▸ **What to produce**: Lines with "exists" in the entries below: count them and reply with the number alone.

# # #

lemma hessian_t_fibre:
  assumes u: "u^3 \<noteq> (27::'a)"
  shows "{v. v^3 \<noteq> 27 \<and> hessian_t v = hessian_t u}
       = {u, hessian_rho 1 u, hessian_rho w u, hessian_rho (w^2) u}"
proof -
  have roots: "a^3 = 1" if "a \<in> {1, w, w^2}" for a
    using that cube_roots_of_unity by auto
  have "v^3 \<noteq> 27 \<and> hessian_t v = hessian_t u \<longleftrightarrow>
      v = u \<or> (\<exists>a\<in>{1, w, w^2}. hessian_L a u v = 0)" if "v^3 \<noteq> 27" for v
    using that hessian_t_eq_iff[OF u that] by (auto simp: hessian_Q_split)
  moreover have "hessian_L a u v = 0 \<longleftrightarrow> v = hessian_rho a u" if "a \<in> {1, w, w^2}" for a v
    using hessian_L_eq_zero_iff[OF three_ne_zero roots[OF that] u] .
  moreover have "hessian_rho a u ^ 3 \<noteq> 27" if "a \<in> {1, w, w^2}" for a
    using hessian_rho_in_domain(2)[OF three_ne_zero roots[OF that] u] .
  ultimately show ?thesis using u by auto
qed

lemma card_hessian_t_fibre:
  assumes u: "u^3 \<noteq> (27::'a)" and off_diagonal: "\<And>a. a^3 = 1 \<Longrightarrow> hessian_L a u u \<noteq> 0"
  shows "card {v. v^3 \<noteq> 27 \<and> hessian_t v = hessian_t u} = 4"
proof -
  note w = cube_root_facts
  have self: "hessian_rho a u \<noteq> u" if "a^3 = 1" for a
    using hessian_L_eq_zero_iff[OF three_ne_zero that u, of u] off_diagonal[OF that] by auto
  have distinct: "hessian_rho a u \<noteq> hessian_rho b u"
    if "a^3 = 1" "b^3 = 1" "c^3 = 1" "a \<noteq> b" "a + b + c = 0" "a * b = c^2" for a b c
  proof
    assume "hessian_rho a u = hessian_rho b u"
    then have "hessian_L a u (hessian_rho a u) = 0" "hessian_L b u (hessian_rho a u) = 0"
      using hessian_L_eq_zero_iff[OF three_ne_zero _ u] that(1,2) by auto
    then have "hessian_L c u u = 0" using hessian_L_third[OF three_ne_zero that(4-6)] by blast
    then show False using off_diagonal[OF that(3)] by simp
  qed
  have sums: "1 + w + w^2 = 0" "1 + w^2 + w = 0" "w + w^2 + 1 = 0"
    using w_root by (simp_all add: algebra_simps)
  have "hessian_rho 1 u \<noteq> hessian_rho w u"
    using distinct[of 1 w "w^2"] w sums(1) by (simp add: power_mult[symmetric])
  moreover have "hessian_rho 1 u \<noteq> hessian_rho (w^2) u"
    using distinct[of 1 "w^2" w] w sums(2) by simp
  moreover have "hessian_rho w u \<noteq> hessian_rho (w^2) u"
    using distinct[of w "w^2" 1] w sums(3) by (simp add: power2_eq_square power3_eq_cube mult.assoc)
  moreover have "u \<noteq> hessian_rho 1 u" "u \<noteq> hessian_rho w u" "u \<noteq> hessian_rho (w^2) u"
    using self[of 1] self[OF w(1)] self[OF w(5)] by auto
  ultimately show ?thesis by (simp add: hessian_t_fibre[OF u])
qed

lemma card_generic_hessian_j_fibre:
  assumes u: "u^3 \<noteq> (27::'a)" and "hessian_j u \<noteq> 0" and "hessian_j u \<noteq> 1728"
  shows "card {v. v^3 \<noteq> 27 \<and> hessian_j v = hessian_j u} = 12"
proof -
  define T where "T = {v. v^3 \<noteq> 27 \<and> hessian_t v = hessian_t u}"
  have "hessian_t u \<noteq> 0" using assms(2) by (simp add: hessian_j_eq_cube)
  have "hessian_L a u u \<noteq> 0" if "a^3 = 1" for a
    using hessian_t_eq_12_iff[OF that u] assms(3) that by (auto simp: hessian_j_eq_cube power_mult_distrib)
  then have "card T = 4" unfolding T_def by (rule card_hessian_t_fibre[OF u])
  moreover have "m = 1" if "m^3 = 1" "x \<in> T" "m * x \<in> T" for m x
  proof -
    have "m * hessian_t u = hessian_t u" using that hessian_t_rotate[of m x] by (simp add: T_def)
    then show ?thesis using \<open>hessian_t u \<noteq> 0\<close> by simp
  qed
  ultimately have "card (cube_rotations T) = 12"
    using card_cube_rotations[of T] card_cube_roots_of_unity by simp
  then show ?thesis by (simp add: hessian_j_fibre T_def)
qed

lemma card_hessian_j_eq_0_set:
  "card {u::'a. u^3 \<noteq> 27 \<and> hessian_j u = 0} = (if (2::'a) = 0 then 1 else 4)"
proof (cases "(2::'a) = 0")
  case True
  moreover have "(-6::'a) = - (2 * 3)" by simp
  ultimately have "(-6::'a) = 0" by simp
  then have "cube_rotations {-6::'a} = {0}" by (auto simp: cube_rotations_def intro: exI[of _ 1])
  then show ?thesis using True by (simp add: hessian_j_eq_0_set[OF three_ne_zero])
next
  case False
  then have "(-6::'a) \<noteq> 0"
    using smooth_numeral_ne_zero[OF False three_ne_zero, of 1 1] by simp
  then have "card (cube_rotations {-6::'a}) = 3"
    using card_cube_rotations[of "{-6::'a}"] card_cube_roots_of_unity by simp
  moreover have "0 \<notin> cube_rotations {-6::'a}"
    using \<open>(-6::'a) \<noteq> 0\<close> by (auto simp: cube_rotations_def)
  moreover have "finite (cube_rotations {-6::'a})"
    using \<open>card (cube_rotations {-6::'a}) = 3\<close> card.infinite by fastforce
  ultimately show ?thesis using False
    by (simp add: hessian_j_eq_0_set[OF three_ne_zero] card_insert_if)
qed

text \<open>The fibre over j = 1728 is empty or consists of the rotations of the two distinct roots
  r, 6 - r of z^2 - 6z - 18, whose cubes differ.\<close>
lemma card_hessian_j_eq_1728_set:
  assumes two: "(2::'a) \<noteq> 0"
  shows "card {u::'a. u^3 \<noteq> 27 \<and> hessian_j u = 1728} \<in> {0, 6}"
proof (cases "\<exists>r::'a. r^2 - 6 * r - 18 = 0")
  case False
  then show ?thesis by (simp add: hessian_j_eq_1728_set[OF three_ne_zero] cube_rotations_def)
next
  case True
  then obtain r :: 'a where r: "r^2 - 6 * r - 18 = 0" by blast
  have "r \<noteq> 3" using diagonal_root_cube_ne_27[OF three_ne_zero r] by auto
  have n18: "(18::'a) \<noteq> 0" and n108: "(108::'a) \<noteq> 0"
    using smooth_numeral_ne_zero[OF two three_ne_zero, of 1 2]
      smooth_numeral_ne_zero[OF two three_ne_zero, of 2 3] by simp_all
  have roots: "{z::'a. z^2 - 6 * z - 18 = 0} = {r, 6 - r}"
  proof -
    have "z^2 - 6 * z - 18 = (z - r) * (z - (6 - r)) + (r^2 - 6 * r - 18)" for z :: 'a
      by (simp add: algebra_simps power2_eq_square)
    then show ?thesis using r by auto
  qed
  have "r \<noteq> 6 - r"
  proof
    assume "r = 6 - r"
    then have "2 * (r - 3) = 0" by (simp add: algebra_simps)
    then show False using two \<open>r \<noteq> 3\<close> by (simp only: mult_eq_0_iff right_minus_eq) simp
  qed
  have distinct_cubes: "r^3 \<noteq> (6 - r)^3"
  proof
    assume "r^3 = (6 - r)^3"
    moreover have "r^3 - (6 - r)^3 = 108 * (r - 3) + (2 * r - 6) * (r^2 - 6 * r - 18)"
      by (simp add: algebra_simps power2_eq_square power3_eq_cube)
    ultimately have "108 * (r - 3) = 0" using r by simp
    then show False using n108 \<open>r \<noteq> 3\<close> by (simp only: mult_eq_0_iff right_minus_eq) simp
  qed
  have nonzero: "x \<noteq> 0" if "x \<in> {r, 6 - r}" for x
    using that n18 unfolding roots[symmetric] by auto
  have "m = 1" if "m^3 = 1" "x \<in> {r, 6 - r}" "m * x \<in> {r, 6 - r}" for m x
  proof -
    have "(m * x)^3 = x^3" using that(1) by (simp add: power_mult_distrib)
    then have "m * x = x" using that(2,3) distinct_cubes by auto
    then show "m = 1" using nonzero[OF that(2)] by simp
  qed
  then have "card (cube_rotations {r, 6 - r}) = 6"
    using card_cube_rotations[of "{r, 6 - r}"] card_cube_roots_of_unity \<open>r \<noteq> 6 - r\<close> by simp
  then show ?thesis unfolding hessian_j_eq_1728_set[OF three_ne_zero] roots by simp
qed

end

lemma card_hessian_domain_cube_root:
  assumes h3: "(3::'a::{finite,field}) \<noteq> 0" and w: "(w::'a)^2 + w + 1 = 0"
  shows "card {u::'a. u^3 \<noteq> 27} + 3 = card (UNIV::'a set)"
proof -
  have "{u::'a. u^3 = 27} = cube_rotations {3}"
    using cubes_eq_cube_rotations[of "3::'a"] by simp
  moreover have "card (cube_rotations {3::'a}) = 3"
    using card_cube_rotations[of "{3::'a}"] card_cube_roots_of_unity[OF h3 w] h3 by simp
  moreover have "card {u::'a. u^3 \<noteq> 27} + card {u::'a. u^3 = 27} = card (UNIV::'a set)"
    by (subst card_Un_disjoint[symmetric]) (auto intro: arg_cong[where f = card])
  ultimately show ?thesis by simp
qed
lemma theta_fLam_pinv_comp_fLam_pinv:
  "theta_fLam_pinv (r::'a) K s \<circ>\<^sub>m (fLam L \<circ>\<^sub>m pinv (theta t)) =
     theta_fLam_pinv r (insert r (K \<union> (\<lambda>u. u * s) ` L)) (t * s)"
proof (rule map_eqI)
  fix x z
  show "(theta_fLam_pinv r K s \<circ>\<^sub>m (fLam L \<circ>\<^sub>m pinv (theta t))) x = Some z \<longleftrightarrow>
    theta_fLam_pinv r (insert r (K \<union> (\<lambda>u. u * s) ` L)) (t * s) x = Some z"
  proof
    assume "(theta_fLam_pinv r K s \<circ>\<^sub>m (fLam L \<circ>\<^sub>m pinv (theta t))) x = Some z"
    then obtain v where "v \<noteq> 0" "t * (s * v) \<noteq> 0" "x = t * (s * v)" "\<forall>u\<in>L. u * (s * v) \<noteq> 0"
      "\<forall>k\<in>K. k * v \<noteq> 0" "r * v \<noteq> 0" "z = r * v"
      by (auto simp: map_comp_Some_iff theta_fLam_pinv_Some fLam_Some pinv_theta_Some)
    then show "theta_fLam_pinv r (insert r (K \<union> (\<lambda>u. u * s) ` L)) (t * s) x = Some z"
      by (auto simp: theta_fLam_pinv_Some mult.assoc)
  next
    assume "theta_fLam_pinv r (insert r (K \<union> (\<lambda>u. u * s) ` L)) (t * s) x = Some z"
    then obtain v where v: "v \<noteq> 0" "t * (s * v) \<noteq> 0" "x = t * (s * v)"
      "\<forall>u\<in>insert r (K \<union> (\<lambda>u. u * s) ` L). u * v \<noteq> 0" "z = r * v"
      by (auto simp: theta_fLam_pinv_Some mult.assoc)
    then have "s * v \<noteq> 0" by auto
    moreover from v(4) have "\<forall>u\<in>L. u * s * v \<noteq> 0" by blast
    ultimately show "(theta_fLam_pinv r K s \<circ>\<^sub>m (fLam L \<circ>\<^sub>m pinv (theta t))) x = Some z"
      using v by (auto simp: map_comp_Some_iff theta_fLam_pinv_Some fLam_Some pinv_theta_Some mult.assoc)
  qed
qed

lemma pinv_theta_comp_theta_Some:
  "(pinv (theta (r::'a)) \<circ>\<^sub>m theta s) x = Some z \<longleftrightarrow>
     x \<noteq> 0 \<and> s * x \<noteq> 0 \<and> z \<noteq> 0 \<and> r * z \<noteq> 0 \<and> s * x = r * z"
  by (auto simp: map_comp_Some_iff theta_Some pinv_theta_Some)

lemma restrict_dom_pinv_theta_comp_theta:
  "Some |` dom (pinv (theta (r::'a)) \<circ>\<^sub>m theta s) =
     pinv (theta s) \<circ>\<^sub>m (theta r \<circ>\<^sub>m (pinv (theta r) \<circ>\<^sub>m theta s))"
proof (rule map_eqI)
  fix x y
  show "(Some |` dom (pinv (theta r) \<circ>\<^sub>m theta s)) x = Some y \<longleftrightarrow>
    (pinv (theta s) \<circ>\<^sub>m (theta r \<circ>\<^sub>m (pinv (theta r) \<circ>\<^sub>m theta s))) x = Some y"
  proof
    assume "(Some |` dom (pinv (theta r) \<circ>\<^sub>m theta s)) x = Some y"
    then show "(pinv (theta s) \<circ>\<^sub>m (theta r \<circ>\<^sub>m (pinv (theta r) \<circ>\<^sub>m theta s))) x = Some y"
      by (auto simp: restrict_map_def dom_def map_comp_Some_iff pinv_theta_comp_theta_Some
          theta_Some pinv_theta_Some split: if_splits)
  next
    assume "(pinv (theta s) \<circ>\<^sub>m (theta r \<circ>\<^sub>m (pinv (theta r) \<circ>\<^sub>m theta s))) x = Some y"
    then obtain z where z: "(pinv (theta r) \<circ>\<^sub>m theta s) x = Some z" "s * y = r * z" "s * y \<noteq> 0"
      by (auto simp: map_comp_Some_iff theta_Some pinv_theta_Some)
    then have "s * x = s * y" by (simp add: pinv_theta_comp_theta_Some)
    then have "x = y" using z(3) by (rule cancel_left)
    with z(1) show "(Some |` dom (pinv (theta r) \<circ>\<^sub>m theta s)) x = Some y"
      by (auto simp: restrict_map_def)
  qed
qed

lemma restrict_Some_idemH: "Some |` A \<in> HS T \<Longrightarrow> Some |` A \<in> idemH T"
  by (simp add: idemH_def restrict_Some_comp)
lemma rank_witness: assumes "wf_matroid M" shows "\<exists>Y. Y \<subseteq> X \<and> Y \<in> indeps M \<and> card Y = rank M X"
proof -
  have ne: "card ` {Y. Y \<subseteq> X \<and> Y \<in> indeps M} \<noteq> {}" using wf_matroidD(3)[OF assms] by (metis (mono_tags, lifting) empty_iff empty_subsetI image_is_empty mem_Collect_eq)
  have "rank M X \<in> card ` {Y. Y \<subseteq> X \<and> Y \<in> indeps M}"
    unfolding rank_def by (rule Max_in[OF finite_imageI[OF finite_indep_subsets[OF assms]] ne])
  then show ?thesis by force
qed

lemma indep_extend_rank_witness:
  assumes w: "wf_matroid M" and "I \<subseteq> X" "I \<in> indeps M"
  shows "\<exists>J. I \<subseteq> J \<and> J \<subseteq> X \<and> J \<in> indeps M \<and> card J = rank M X"
proof -
  define S where "S = {J. I \<subseteq> J \<and> J \<subseteq> X \<and> J \<in> indeps M}"
  have fS: "finite S" using finite_indep_subsets[OF w, of X] unfolding S_def by (rule finite_subset[rotated]) auto
  have neS: "S \<noteq> {}" using assms unfolding S_def by blast
  define m where "m = Max (card ` S)"
  have "m \<in> card ` S" unfolding m_def using fS neS by (intro Max_in) auto
  then obtain J where J: "J \<in> S" "card J = m" by blast
  have mx: "\<And>J'. J' \<in> S \<Longrightarrow> card J' \<le> m" unfolding m_def using fS by (intro Max_ge) auto
  obtain K where K: "K \<subseteq> X" "K \<in> indeps M" "card K = rank M X" using rank_witness[OF w] by blast
  have "card J \<le> rank M X" using J card_le_rank[OF w] unfolding S_def by blast
  moreover have "\<not> card J < rank M X"
  proof
    assume "card J < rank M X"
    then obtain e where e: "e \<in> K - J" "insert e J \<in> indeps M" using wf_matroidD(5)[OF w, of J K] J K unfolding S_def by auto
    have "insert e J \<in> S" using e J K unfolding S_def by auto
    moreover have "card (insert e J) = Suc m" using e J finite_indep[OF w] unfolding S_def by auto
    ultimately show False using mx by fastforce
  qed
  ultimately show ?thesis using J unfolding S_def by auto
qed

lemma rank_mono: assumes w: "wf_matroid M" and "X \<subseteq> Y" shows "rank M X \<le> rank M Y"
proof -
  obtain I where "I \<subseteq> X" "I \<in> indeps M" "card I = rank M X" using rank_witness[OF w] by blast
  then show ?thesis using card_le_rank[OF w, of I Y] assms(2) by auto
qed

lemma rank_le_card: assumes w: "wf_matroid M" and "finite X" shows "rank M X \<le> card X"
proof -
  obtain I where "I \<subseteq> X" "I \<in> indeps M" "card I = rank M X" using rank_witness[OF w] by blast
  then show ?thesis using card_mono[OF assms(2), of I] by auto
qed
(* Let $B$, $B_u$ be solutions on $[0,T]$ of the constrained and unconstrained ODEs of the context, and let $\pi^\ast,\hat\pi^\ast,\pi_u,\pi_M$ be as in the context. (i) If $0<\pi_M=\frac\alpha2<\alpha$ and $\alpha<\pi_u(t^\ast)<\beta$ for some $t^\ast\in[0,T]$, then $B(\tau)=0$ for all $\tau\in[0,T]$, $\pi^\ast(t)=\alpha$ for all $t\in[0,T]$, and the functions $\pi^\ast$ and $t\mapsto\mathrm{Cap}(\pi_u(t),\alpha,\beta)$ on $[0,T]$ are not identical. (ii) If $\pi_M>\beta>0$, then $\mathrm{sign}(\frac{\partial}{\partial t}\hat\pi^\ast(t))=\mathrm{sign}(\frac{\partial}{\partial t}\pi_u(t))=-\mathrm{sign}(\rho b)$ for all $t\in[0,T]$. Hence, if in addition $b<0$ and $\rho<0$, then $\pi^\ast(t)=\mathrm{Cap}(\pi_u(t),\alpha,\beta)$ for all $t\in[0,T]$.
   Context: Parameters: $T>0$; $\eta,\kappa,\sigma>0$; $\rho\in(-1,1)$; $b<1$, $b\ne0$; $K=[\alpha,\beta]$, $-\infty\le\alpha<\beta\le\infty$; $\delta_K(x)=-\alpha x\mathbf 1_{\{x>0\}}-\beta x\mathbf 1_{\{x<0\}}$. $B_-=\frac{(1-b)\alpha-\eta}\sigma$, $B_+=\frac{(1-b)\beta-\eta}\sigma$; $r_0=-\frac b{2(1-b)}\eta^2$, $r_1=\frac b{1-b}\eta\sigma\rho-\kappa$, $r_2=\sigma^2(1+\frac b{1-b}\rho^2)$. Constrained ODE: $B'(\tau)=-\kappa B+\frac12\sigma^2B^2+\frac12\frac b{1-b}\inf_{\lambda\in\mathbb R}(2(1-b)\delta_K(\lambda)+(\eta+\lambda+\sigma\rho B)^2)$, $B(0)=0$. Unconstrained ODE: $B_u'(\tau)=-r_0+r_1B_u+\frac12r_2B_u^2$, $B_u(0)=0$. $\lambda^\ast(B)=[(1-b)\alpha-(\eta+\sigma\rho B)]\mathbf 1_{\{\rho B<B_-\}}+[(1-b)\beta-(\eta+\sigma\rho B)]\mathbf 1_{\{\rho B>B_+\}}$; $\pi^\ast(t)=\frac1{1-b}(\eta+\lambda^\ast(B(T-t))+\sigma\rho B(T-t))$; $\hat\pi^\ast(t)=\frac1{1-b}(\eta+\sigma\rho B(T-t))$; $\pi_u(t)=\frac1{1-b}(\eta+\sigma\rho B_u(T-t))$; $\pi_M=\frac\eta{1-b}$; $\mathrm{Cap}(x,\alpha,\beta)=\alpha$ if $x<\alpha$, $x$ if $\alpha\le x\le\beta$, $\beta$ if $x>\beta$; $\mathrm{sign}(x)\in\{-1,0,1\}$. *)

theory Defs
  imports "HOL-Analysis.Analysis"
begin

# # #

▸ **Task output**: 4